Whether a reporter or a student, the internet is a powerful tool for social change.

MARIA RESSA, RAPPLER CEO AND EXECUTIVE EDITOR: What is your power? Where you’re getting it from and how can you use it? What we’re trying to do in Rappler is to actually use our Facebook, our Twitter…anything that we do on social media or the internet to actually help development.

And what about journalists?

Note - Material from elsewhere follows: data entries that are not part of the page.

lemma summable_poisson_prob_mult:
  assumes "c \<ge> 0" and "\<And>k. 0 \<le> g k" and "\<And>k. g k \<le> 1"
  shows "summable (\<lambda>k. poisson_prob c k * g k)"
proof (rule summable_comparison_test'[OF sums_summable[OF poisson_prob_sums]])
  show "norm (poisson_prob c k * g k) \<le> poisson_prob c k" for k
    using assms poisson_prob_nonneg[OF \<open>c \<ge> 0\<close>, of k] by (simp add: mult_left_le)
qed

lemma summable_besselI_series:
  fixes y :: real
  shows "summable (\<lambda>k. (y / 2) ^ (2 * k + n) / (fact k * fact (k + n)))"
proof (rule summable_comparison_test')
  show "summable (\<lambda>k. \<bar>y / 2\<bar> ^ n * ((y / 2)\<^sup>2 ^ k / fact k))"
    by (rule summable_mult)
      (use summable_exp[of "(y / 2)\<^sup>2"] in \<open>simp only: divide_inverse_commute\<close>)
  fix k
  have split: "\<bar>y / 2\<bar> ^ (2 * k + n) = \<bar>y / 2\<bar> ^ n * (y / 2)\<^sup>2 ^ k"
    unfolding power_add power_mult power2_abs by (rule mult.commute)
  have fact_le: "fact k \<le> fact k * (fact (k + n) :: real)"
    using fact_ge_1[of "k + n", where 'a = real] by (simp add: mult_le_cancel_left1)
  have "norm ((y / 2) ^ (2 * k + n) / (fact k * fact (k + n)))
      \<le> \<bar>y / 2\<bar> ^ (2 * k + n) / fact k"
    by (simp add: norm_divide power_abs) (rule divide_left_mono[OF fact_le]; simp)
  also have "\<dots> = \<bar>y / 2\<bar> ^ n * ((y / 2)\<^sup>2 ^ k / fact k)"
    by (simp only: split times_divide_eq_right)
  finally show "norm ((y / 2) ^ (2 * k + n) / (fact k * fact (k + n)))
      \<le> \<bar>y / 2\<bar> ^ n * ((y / 2)\<^sup>2 ^ k / fact k)" .
qed

lemma marcumQ_integrand_term_eq:
  fixes a x :: real
  assumes "a > 0"
  shows "a powr (1 - real (Suc p)) * (x ^ Suc p * exp (- (x\<^sup>2 + a\<^sup>2) / 2)
           * ((a * x / 2) ^ (2 * k + p) / (fact k * fact (k + p))))
       = poisson_prob (a\<^sup>2 / 2) k / (2 ^ (k + p) * fact (k + p))
           * (x ^ (2 * (k + p) + 1) * exp (- (x\<^sup>2) / 2))"
proof -
  have powr: "a powr (1 - real (Suc p)) = 1 / a ^ p"
    using assms by (simp add: powr_minus_divide powr_realpow)
  have exp_split: "exp (- (x\<^sup>2 + a\<^sup>2) / 2) = exp (- (a\<^sup>2 / 2)) * exp (- (x\<^sup>2) / 2)"
    by (simp add: exp_add [symmetric] field_simps)
  have a_pow: "a ^ (2 * k + p) = a ^ p * (a\<^sup>2) ^ k"
    by (simp add: power_add power_mult [symmetric] mult.commute)
  have x_pow: "x ^ Suc p * x ^ (2 * k + p) = x ^ (2 * (k + p) + 1)"
    by (simp add: power_add [symmetric] add_ac)
  have two_pow: "(2::real) ^ (2 * k + p) = 2 ^ k * 2 ^ (k + p)"
    by (simp add: power_add [symmetric])
  have "a powr (1 - real (Suc p)) * (x ^ Suc p * exp (- (x\<^sup>2 + a\<^sup>2) / 2)
           * ((a * x / 2) ^ (2 * k + p) / (fact k * fact (k + p))))
      = 1 / a ^ p * (x ^ Suc p * (exp (- (a\<^sup>2 / 2)) * exp (- (x\<^sup>2) / 2))
           * (a ^ p * (a\<^sup>2) ^ k * x ^ (2 * k + p) / (2 ^ k * 2 ^ (k + p)) / (fact k * fact (k + p))))"
    unfolding powr exp_split by (simp add: power_mult_distrib power_divide a_pow two_pow)
  also have "\<dots> = exp (- (a\<^sup>2 / 2)) * ((a\<^sup>2) ^ k / 2 ^ k) / (fact k * fact (k + p) * 2 ^ (k + p))
           * ((x ^ Suc p * x ^ (2 * k + p)) * exp (- (x\<^sup>2) / 2))"
    using assms by (simp add: field_simps)
  also have "\<dots> = poisson_prob (a\<^sup>2 / 2) k / (2 ^ (k + p) * fact (k + p))
           * (x ^ (2 * (k + p) + 1) * exp (- (x\<^sup>2) / 2))"
    unfolding x_pow by (simp add: poisson_prob_def power_divide field_simps)
  finally show ?thesis .
qed

lemma marcumQ_Suc_sums:
  assumes "a \<ge> 0" and "b \<ge> 0"
  shows "(\<lambda>k. poisson_prob (a\<^sup>2 / 2) k * poisson_cdf (b\<^sup>2 / 2) (Suc (k + p)))
           sums marcumQ (Suc p) a b"
proof (cases "a = 0")
  case True
  then have "(\<lambda>k. poisson_prob (a\<^sup>2 / 2) k * poisson_cdf (b\<^sup>2 / 2) (Suc (k + p)))
      = (\<lambda>k. if k = 0 then poisson_cdf (b\<^sup>2 / 2) (Suc (k + p)) else 0)"
    by (simp add: fun_eq_iff poisson_prob_def)
  moreover have "marcumQ (Suc p) a b = poisson_cdf (b\<^sup>2 / 2) (Suc p)"
    using True upper_gamma_Suc_div_Gamma[of "b\<^sup>2 / 2" p] by (simp add: marcumQ_def)
  ultimately show ?thesis
    using sums_single[of 0 "\<lambda>k. poisson_cdf (b\<^sup>2 / 2) (Suc (k + p))"] by simp
next
  case False
  with \<open>a \<ge> 0\<close> have a: "a > 0" by simp
  define I where "I = (\<lambda>k. poisson_prob (a\<^sup>2 / 2) k * poisson_cdf (b\<^sup>2 / 2) (Suc (k + p)))"
  define u where "u k x = a powr (1 - real (Suc p)) * (x ^ Suc p * exp (- (x\<^sup>2 + a\<^sup>2) / 2)
      * ((a * x / 2) ^ (2 * k + p) / (fact k * fact (k + p))))" for k x
  have summable: "summable I"
    unfolding I_def
    by (intro summable_poisson_prob_mult poisson_cdf_nonneg poisson_cdf_le_1) auto
  have "((\<lambda>x. a powr (1 - real (Suc p)) * (x ^ Suc p * exp (- (x\<^sup>2 + a\<^sup>2) / 2) * besselI p (a * x)))
      has_integral suminf I) {b..}"
  proof (rule has_integral_suminf_nonneg)
    show "(u k has_integral I k) {b..}" for k
    proof -
      have "(u k has_integral poisson_prob (a\<^sup>2 / 2) k / (2 ^ (k + p) * fact (k + p))
          * (2 ^ (k + p) * fact (k + p) * poisson_cdf (b\<^sup>2 / 2) (Suc (k + p)))) {b..}"
        unfolding u_def marcumQ_integrand_term_eq[OF a]
        by (intro has_integral_mult_right has_integral_odd_power_mult_gauss_Ici \<open>b \<ge> 0\<close>)
      then show ?thesis
        by (simp add: I_def)
    qed
    show "0 \<le> u k x" if "x \<in> {b..}" for k x
      using that \<open>b \<ge> 0\<close> unfolding u_def marcumQ_integrand_term_eq[OF a]
      by (simp add: poisson_prob_nonneg)
    show "(\<lambda>k. u k x) sums (a powr (1 - real (Suc p))
        * (x ^ Suc p * exp (- (x\<^sup>2 + a\<^sup>2) / 2) * besselI p (a * x)))" for x
      unfolding u_def besselI_def
      by (intro sums_mult summable_sums summable_besselI_series)
  qed (rule summable)
  from integral_unique[OF this] a have "marcumQ (Suc p) a b = suminf I"
    by (simp add: marcumQ_def)
  with summable show ?thesis
    unfolding I_def by (simp add: summable_sums)
qed

text \<open>The probability that a fair coin shows a + 1 heads before b tails.\<close>
definition points_prob :: "nat \<Rightarrow> nat \<Rightarrow> real" where
  "points_prob a b = (\<Sum>l<b. real ((a + l) choose l) / 2 ^ (a + l + 1))"

lemma points_prob_nonneg: "points_prob a b \<ge> 0"
  by (simp add: points_prob_def sum_nonneg)

lemma points_prob_diff_Suc:
  "points_prob b k - points_prob (Suc b) k = real ((b + k) choose Suc b) / 2 ^ (b + k + 1)"
proof (induction k)
  case 0
  show ?case by (simp add: points_prob_def)
next
  case (Suc k)
  have pascal: "real ((b + k) choose Suc b) + real ((b + k) choose k) = real ((b + k + 1) choose k)"
    using binomial_Suc_Suc[of "b + k" b] binomial_symmetric[of k "b + k"]
      binomial_symmetric[of k "b + k + 1"] by simp
  have "points_prob b (Suc k) - points_prob (Suc b) (Suc k)
      = (points_prob b k - points_prob (Suc b) k) + real ((b + k) choose k) / 2 ^ (b + k + 1)
        - real ((Suc b + k) choose k) / 2 ^ (Suc b + k + 1)"
    by (simp add: points_prob_def)
  also have "\<dots> = (real ((b + k) choose Suc b) + real ((b + k) choose k)) / 2 ^ (b + k + 1)
        - real ((Suc b + k) choose k) / 2 ^ (Suc b + k + 1)"
    unfolding Suc.IH by (simp add: add_divide_distrib)
  also have "\<dots> = real ((b + k + 1) choose k) / 2 ^ (b + k + 1)
        - real ((b + k + 1) choose k) / 2 ^ (b + k + 2)"
    unfolding pascal by simp
  also have "\<dots> = real ((b + k + 1) choose k) / 2 ^ (b + Suc k + 1)"
    by (simp add: field_simps)
  also have "(b + k + 1) choose k = (b + Suc k) choose Suc b"
    using binomial_symmetric[of k "b + k + 1"] by simp
  finally show ?case .
qed

lemma points_prob_complement: "points_prob a (Suc b) + points_prob b (Suc a) = 1"
proof (induction b)
  case 0
  have "(\<Sum>l<Suc a. 1 / 2 ^ (l + 1) :: real) = 1 - 1 / 2 ^ (a + 1)"
    by (induction a) (auto simp: field_simps)
  then show ?case by (simp add: points_prob_def)
next
  case (Suc b)
  have "points_prob a (Suc (Suc b))
      = points_prob a (Suc b) + real ((a + Suc b) choose Suc b) / 2 ^ (a + Suc b + 1)"
    by (simp add: points_prob_def)
  moreover have "points_prob (Suc b) (Suc a)
      = points_prob b (Suc a) - real ((b + Suc a) choose Suc b) / 2 ^ (b + Suc a + 1)"
    using points_prob_diff_Suc[of b "Suc a"] by simp
  ultimately show ?case using Suc.IH by (simp add: add_ac)
qed

lemma points_prob_le_1: "points_prob a b \<le> 1"
proof -
  have "points_prob a b \<le> points_prob a (Suc b)"
    by (simp add: points_prob_def)
  also have "\<dots> = 1 - points_prob b (Suc a)"
    using points_prob_complement[of a b] by simp
  also have "\<dots> \<le> 1"
    using points_prob_nonneg by simp
  finally show ?thesis .
qed

lemma has_integral_poisson_cdf_mult_poisson_prob:
  "((\<lambda>x. poisson_cdf (x / 2) m * (poisson_prob (x / 2) p / 2)) has_integral points_prob p m) {0..}"
proof -
  define w where "w j = 1 / (fact j * fact p * 2 ^ (j + p + 1) :: real)" for j
  have expand: "poisson_cdf (x / 2) m * (poisson_prob (x / 2) p / 2)
      = (\<Sum>j<m. w j * (x ^ (j + p) * exp (- x)))" for x :: real
  proof -
    have "exp (- (x / 2)) * exp (- (x / 2)) = exp (- x)"
      by (simp add: exp_add [symmetric])
    then show ?thesis
      unfolding poisson_cdf_def poisson_prob_def w_def sum_distrib_right
      by (intro sum.cong refl) (simp add: power_add power_divide field_simps)
  qed
  have "((\<lambda>x. \<Sum>j<m. w j * (x ^ (j + p) * exp (- x))) has_integral
      (\<Sum>j<m. w j * (fact (j + p) * poisson_cdf 0 (Suc (j + p))))) {0..}"
    by (intro has_integral_sum has_integral_mult_right has_integral_power_mult_exp_Ici) auto
  moreover have "w j * (fact (j + p) * poisson_cdf 0 (Suc (j + p)))
      = real ((p + j) choose j) / 2 ^ (p + j + 1)" for j
    using binomial_fact[of j "p + j", where 'a = real] by (simp add: w_def poisson_cdf_0 add_ac field_simps)
  ultimately show ?thesis
    unfolding expand points_prob_def by simp
qed

lemma poisson_prob_mult_binomial_eq_hyp1F1_term:
  fixes c :: real
  shows "poisson_prob c k * (real ((k + p + l) choose l) / 2 ^ (k + p + l + 1))
    = exp (- c) * (pochhammer (real (Suc p)) l / (fact l * 2 ^ (Suc p + l)))
      * (pochhammer (real (Suc p + l)) k / pochhammer (real (Suc p)) k * (c / 2) ^ k / fact k)"
proof -
  have shift: "real (Suc p + l) = real (Suc (p + l))"
    by simp
  have binomial: "real ((k + p + l) choose l) = fact (k + p + l) / (fact l * fact (k + p))"
    using binomial_fact[of l "k + p + l"] by simp
  have "fact (p + l + k) = (fact (k + p + l) :: real)" and "fact (p + k) = (fact (k + p) :: real)"
    by (simp_all add: add_ac)
  then show ?thesis
    unfolding shift pochhammer_of_nat_Suc binomial poisson_prob_def
    by (simp add: power_divide power_add field_simps)
qed

lemma poisson_prob_mult_binomial_sums_hyp1F1:
  assumes "c \<ge> 0"
  shows "(\<lambda>k. poisson_prob c k * (real ((k + p + l) choose l) / 2 ^ (k + p + l + 1)))
    sums (exp (- c) * (pochhammer (real (Suc p)) l / (fact l * 2 ^ (Suc p + l)))
          * hyp1F1 (real (Suc p + l)) (real (Suc p)) (c / 2))"
proof -
  define K where "K = exp (- c) * (pochhammer (real (Suc p)) l / (fact l * 2 ^ (Suc p + l)))"
  define G where "G = (\<lambda>k. pochhammer (real (Suc p + l)) k / pochhammer (real (Suc p)) k
    * (c / 2) ^ k / fact k)"
  have K: "K \<noteq> 0"
    using pochhammer_pos[of "real (Suc p)" l] by (simp add: K_def)
  have "(k + p + l) choose l \<le> 2 ^ (k + p + l + 1)" for k
    using binomial_le_pow2[of "k + p + l" l] by simp
  then have "real ((k + p + l) choose l) \<le> 2 ^ (k + p + l + 1)" for k
    by (metis of_nat_le_iff of_nat_numeral of_nat_power)
  then have "summable (\<lambda>k. poisson_prob c k * (real ((k + p + l) choose l) / 2 ^ (k + p + l + 1)))"
    by (intro summable_poisson_prob_mult assms) (auto simp: divide_le_eq)
  then have "summable (\<lambda>k. K * G k)"
    unfolding poisson_prob_mult_binomial_eq_hyp1F1_term K_def G_def .
  then have "G sums suminf G"
    using K summable_cmult_iff[of K G] by (simp add: summable_sums)
  then have "G sums hyp1F1 (real (Suc p + l)) (real (Suc p)) (c / 2)"
    unfolding hyp1F1_def G_def .
  from sums_mult[OF this, of K] show ?thesis
    unfolding poisson_prob_mult_binomial_eq_hyp1F1_term K_def G_def .
qed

What is at stake for them?
Ressa says it doesn’t matter what journalists have done in the past, they must adapt to this new media or become obsolete.
Voltaire Tupaz, Rappler, Cebu.

Story 13: GOOD OR BAD? PH MOST EMOTIONAL COUNTRY IN THE WORLD
A Gallup survey says Filipinos are the most emotional people in the world.
The Philippines places first among 151 countries ranked for emotion with Singaporeans as the most unemotional country.
Singapore’s economy almost doubled in 10 years, making the country of 5.3 million people one of the world’s wealthiest, but apparently not able to enjoy life as much.
The article calls Singapore’s ranking an “emotion deficit.”
The survey asked questions that reveal emotions — anger, worry, enjoyment. Respondents were also asked to evaluate their lives on a scale of zero to 10 and say whether they feel life would be better or worse in 5 years.
Here are the comments on the Bloomberg Businessweek article.
Grego Abaya Raymundo III says “And now we know why the Philippines produce more ‘celebrities’ than scientists, philosophers, and academicians.”
Lyn Encarnacion says: Being the most emotional country means that the Philippines is very diverse when it comes to emotion. It also shows Filipinos value life, she wrote.